Πελλαῖον γένοϲ ἀμόν· ἔοιμι δὲ βίβλον ἑλίϲϲων
     ἄφνω λαοφόρωι κείμενοϲ εἰν ἀγορῆι.
ἀλλ’ ἐπὶ μὲν Παρίηι δὸϲ ἀηδόνι λυγρὸν ἐφ.[
     νῆμα κατὰ γληνέων δάκρυα κε̣ι̣ν̣ὰ̣ χ̣έ̣ω̣[ν
καὶ ϲτενάχων, δι’ ἐμὸν δὲ φίλον στόμα [ ‒⏖ ‒⏑
     α̣ϲ̣τ̣[…]…………..
[..]………..[
     μηδέ τιϲ οὖν χεύαι δάκρυον· αὐτὰρ ἐγὼ
γήραϊ μυϲτικὸν οἶμον ἐπὶ Ῥαδάμανθυν ἱκοίμην
     δήμωι καὶ λαῶι παντὶ ποθεινὸϲ ἐών,
ἀσκίπτων ἐν ποϲϲὶ καὶ ὀρθοεπὴϲ ἀν’ ὅμιλον
     καὶ λείπων τέκνοιϲ δῶμα καὶ ὄλβον ἐμόν.

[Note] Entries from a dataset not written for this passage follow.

(* Cauchy's mean value theorem: f(y) - f(x) = (g(y) - g(x)) f'(c)/g'(c) for some c in (x,y),
  which expresses the increment of H_{f,g} through increments of f'/g'. *)
lemma H_fg_increment:
  assumes df: "\<forall>x\<in>eint a b. (f has_real_derivative f' x) (at x)"
    and dg: "\<forall>x\<in>eint a b. (g has_real_derivative g' x) (at x)"
    and g'nz: "\<forall>x\<in>eint a b. g' x \<noteq> 0"
    and x: "x \<in> eint a b" and y: "y \<in> eint a b" and "x < y"
  obtains c where "x < c" "c < y"
    "H_fg f f' g g' y - H_fg f f' g g' x =
       (f' y / g' y - f' c / g' c) * g y + (f' c / g' c - f' x / g' x) * g x"
proof -
  have I: "z \<in> eint a b" if "x \<le> z" "z \<le> y" for z using eint_between[OF x y that] .
  have "\<exists>c. x < c \<and> c < y \<and> (f y - f x) * g' c = (g y - g x) * f' c"
    by (rule GMVT'[OF \<open>x < y\<close>]) (use I df dg in \<open>auto intro: DERIV_isCont\<close>)
  then obtain c where c: "x < c" "c < y" "(f y - f x) * g' c = (g y - g x) * f' c" by blast
  have "g' c \<noteq> 0" using g'nz I c by auto
  define r where "r = f' c / g' c"
  from c(3) \<open>g' c \<noteq> 0\<close> have "f y - f x = (g y - g x) * r"
    unfolding r_def by (simp add: field_simps)
  then have "H_fg f f' g g' y - H_fg f f' g g' x =
      (f' y / g' y - r) * g y + (r - f' x / g' x) * g x"
    unfolding H_fg_def by (simp add: algebra_simps)
  then have "H_fg f f' g g' y - H_fg f f' g g' x =
      (f' y / g' y - f' c / g' c) * g y + (f' c / g' c - f' x / g' x) * g x"
    unfolding r_def .
  with c(1,2) show ?thesis using that by blast
qed

(* Since g > 0, H_{f,g} is strictly monotone in the same direction as f'/g'. The decreasing
  case follows from the increasing one applied to -f. *)
lemma H_fg_strict_incr:
  assumes df: "\<forall>x\<in>eint a b. (f has_real_derivative f' x) (at x)"
    and dg: "\<forall>x\<in>eint a b. (g has_real_derivative g' x) (at x)"
    and g'nz: "\<forall>x\<in>eint a b. g' x \<noteq> 0"
    and gpos: "\<forall>x\<in>eint a b. g x > 0"
    and r: "strict_incr_on (eint a b) (\<lambda>x. f' x / g' x)"
  shows "strict_incr_on (eint a b) (H_fg f f' g g')"
  unfolding strict_incr_on_def
proof (intro ballI impI)
  fix x y assume x: "x \<in> eint a b" and y: "y \<in> eint a b" and "x < y"
  obtain c where c: "x < c" "c < y" and incr:
    "H_fg f f' g g' y - H_fg f f' g g' x =
       (f' y / g' y - f' c / g' c) * g y + (f' c / g' c - f' x / g' x) * g x"
    using H_fg_increment[OF df dg g'nz x y \<open>x < y\<close>] by blast
  have "c \<in> eint a b" using eint_between[OF x y] c by auto
  then have "0 < (f' y / g' y - f' c / g' c) * g y" "0 < (f' c / g' c - f' x / g' x) * g x"
    using r x y c gpos unfolding strict_incr_on_def by auto
  with incr show "H_fg f f' g g' x < H_fg f f' g g' y" by linarith
qed
lemma ext_ideal_is_prime: "is_prime_ideal (ext_ideal c P)"
  unfolding is_prime_ideal_def
proof (intro conjI allI impI)
  show "is_ideal (ext_ideal c P)" by (rule ext_ideal_is_ideal)
  show "1 \<notin> ext_ideal c P"
    using contraction_ext_ideal P_prime by (auto simp: is_prime_ideal_def)
next
  fix x y assume xy: "x * y \<in> ext_ideal c P"
  obtain N g where x: "\<nu> c ^ N * x = \<nu> g" using fraction_exists by blast
  obtain M h where y: "\<nu> c ^ M * y = \<nu> h" using fraction_exists by blast
  have "g * h \<in> P" using xy ext_ideal_iff_numerator[OF fraction_mult[OF x y]] by simp
  then have "g \<in> P \<or> h \<in> P" using P_prime by (simp add: is_prime_ideal_def)
  then show "x \<in> ext_ideal c P \<or> y \<in> ext_ideal c P"
    using ext_ideal_iff_numerator[OF x] ext_ideal_iff_numerator[OF y] by blast
qed

lemma ext_ideal_is_diff_ideal: "diff_ideal m dB (ext_ideal c P)"
  unfolding diff_ideal_def
proof (intro conjI allI impI ballI)
  show "is_ideal (ext_ideal c P)" by (rule ext_ideal_is_ideal)
next
  fix i y assume i: "i < m" and "y \<in> ext_ideal c P"
  then obtain N a where y: "a \<in> P" "\<nu> c ^ N * y = \<nu> a" unfolding ext_ideal_def by blast
  have "dA i a \<in> P" using P i y(1) by (simp add: diff_V_def diff_spec_def diff_ideal_def)
  then have "c * dA i a - of_nat N * dA i c * a \<in> P"
    using P_ideal y(1) by (simp add: ideal_diff ideal_mult_left)
  then show "dB i y \<in> ext_ideal c P"
    using quotient_rule[OF i y(2)] unfolding ext_ideal_def by blast
qed

lemma ext_ideal_in_diff_spec: "ext_ideal c P \<in> diff_spec m dB"
  using ext_ideal_is_prime ext_ideal_is_diff_ideal by (simp add: diff_spec_def)

end

lemma ext_ideal_of_contraction:
  assumes q: "q \<in> diff_spec m dB" and c: "\<nu> c \<notin> q" and all_fractions: "fractions c = UNIV"
  shows "ext_ideal c (\<nu> -` q) = q"
proof
  have prime: "is_prime_ideal q" using q by (simp add: diff_spec_def)
  show "ext_ideal c (\<nu> -` q) \<subseteq> q"
  proof
    fix y assume "y \<in> ext_ideal c (\<nu> -` q)"
    then obtain N a where "\<nu> a \<in> q" "\<nu> c ^ N * y = \<nu> a" unfolding ext_ideal_def by blast
    then have "\<nu> c ^ N * y \<in> q" by simp
    then show "y \<in> q" by (rule prime_pow_cancel[OF prime c])
  qed
  show "q \<subseteq> ext_ideal c (\<nu> -` q)"
  proof
    fix y assume "y \<in> q"
    obtain N a where a: "\<nu> c ^ N * y = \<nu> a" using all_fractions unfolding fractions_def by blast
    then have "\<nu> a \<in> q"
      using ideal_mult_left \<open>y \<in> q\<close> prime by (metis is_prime_ideal_def)
    then show "y \<in> ext_ideal c (\<nu> -` q)" using a unfolding ext_ideal_def by blast
  qed
qed

lemma contraction_preimage_closed:
  "{q \<in> diff_spec m dB. \<nu> -` q \<in> diff_V m dA E \<inter> diff_V m dA (\<nu> -` {0})} = diff_V m dB (\<nu> ` E)"
proof (intro set_eqI iffI)
  fix q assume "q \<in> {q \<in> diff_spec m dB. \<nu> -` q \<in> diff_V m dA E \<inter> diff_V m dA (\<nu> -` {0})}"
  then show "q \<in> diff_V m dB (\<nu> ` E)" by (auto simp: diff_V_def)
next
  fix q assume q: "q \<in> diff_V m dB (\<nu> ` E)"
  then have "q \<in> diff_spec m dB" "E \<subseteq> \<nu> -` q" by (auto simp: diff_V_def)
  with contraction_in_diff_V[of q]
  show "q \<in> {q \<in> diff_spec m dB. \<nu> -` q \<in> diff_V m dA E \<inter> diff_V m dA (\<nu> -` {0})}"
    by (simp add: diff_V_def)
qed

context
  assumes cover: "\<forall>P\<in>diff_spec m dA. \<exists>c. c \<notin> P \<and> fractions c = UNIV"
begin

lemma contraction_surj: "(\<lambda>q. \<nu> -` q) ` diff_spec m dB = diff_V m dA (\<nu> -` {0})"
proof
  show "(\<lambda>q. \<nu> -` q) ` diff_spec m dB \<subseteq> diff_V m dA (\<nu> -` {0})"
    using contraction_in_diff_V by blast
  show "diff_V m dA (\<nu> -` {0}) \<subseteq> (\<lambda>q. \<nu> -` q) ` diff_spec m dB"
  proof
    fix P assume P: "P \<in> diff_V m dA (\<nu> -` {0})"
    then have "P \<in> diff_spec m dA" using diff_V_subset_spec by blast
    then obtain c where c: "c \<notin> P" "fractions c = UNIV" using cover by blast
    show "P \<in> (\<lambda>q. \<nu> -` q) ` diff_spec m dB"
      using ext_ideal_in_diff_spec[OF P c] contraction_ext_ideal[OF P c] by (rule rev_image_eqI[OF _ sym])
  qed
qed

lemma contraction_inj: "inj_on (\<lambda>q. \<nu> -` q) (diff_spec m dB)"
proof (rule inj_onI)
  fix q1 q2 assume q1: "q1 \<in> diff_spec m dB" and q2: "q2 \<in> diff_spec m dB"
    and eq: "\<nu> -` q1 = \<nu> -` q2"
  have "\<nu> -` q1 \<in> diff_spec m dA"
    using contraction_in_diff_V[OF q1] diff_V_subset_spec by blast
  then obtain c where c: "c \<notin> \<nu> -` q1" "fractions c = UNIV" using cover by blast
  have "q1 = ext_ideal c (\<nu> -` q1)" using ext_ideal_of_contraction[OF q1 _ c(2)] c(1) by simp
  also have "\<dots> = q2" using ext_ideal_of_contraction[OF q2 _ c(2)] c(1) eq by simp
  finally show "q1 = q2" .
qed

If, Muses of my city, you have with pure ears
     heard anything beautiful, either from Phoebus of the golden lyre,
in the glens of snowy Parnassus, or near Olympus,
     as you start for Bacchus his triennial ceremonies,
now help Posidippus to bear the burden of hateful old age,
     writing down the song on the golden columns of your tablets.
Leave your Heliconian peaks, and come to the walls
     of Piplean Thebes, Muses of Castalia.
You also loved Posidippus once, Cynthian god, of Leto
     the far-shooting son […] a dart [… … …]
an oracle to the snow-white house of the man from Paros.
May you send forth and sound out from your holy shrine
     such an immortal voice, O Lord, even for me,
so that the Macedonians may honor me, both the [islanders]
     and the neighbours of all the Asiatic shore.
Pellaean is my family. May I find myself unrolling a book,
     placed [37] all at once in the crowded marketplace.
For the Parian nightingale grant […] a mournful
     thread, with empty tears streaming down the eyelids,
and groaning, while through my friendly mouth [… … …]
     and let no one shed a tear. But in old age
may I travel the mystic path to Rhadamnthys,
     longed for by my people and all the community,
on my feet without a stick, sure of speech among the crowd,
     and leaving to my children my house and my wealth.
Posidippus 118 AB, trans. Austin
Posidippus envisages himself as a statue in the agora, honored by his fellow citizens thanks to Apollo and the local Muses, who are summoned to come to his hometown (Piplean Thebes). [38] For this purpose, he reminds the gods of an earlier oracle: in all probability, “the well-known one to Archilochus’ father, to the effect that his son would be ‘immortal and renowned in song among men.’ ” [39] The poet wishes for himself nothing less than heroization: he envisages himself as a poet-hero in the making, and refers to Archilochus as an important antecedent.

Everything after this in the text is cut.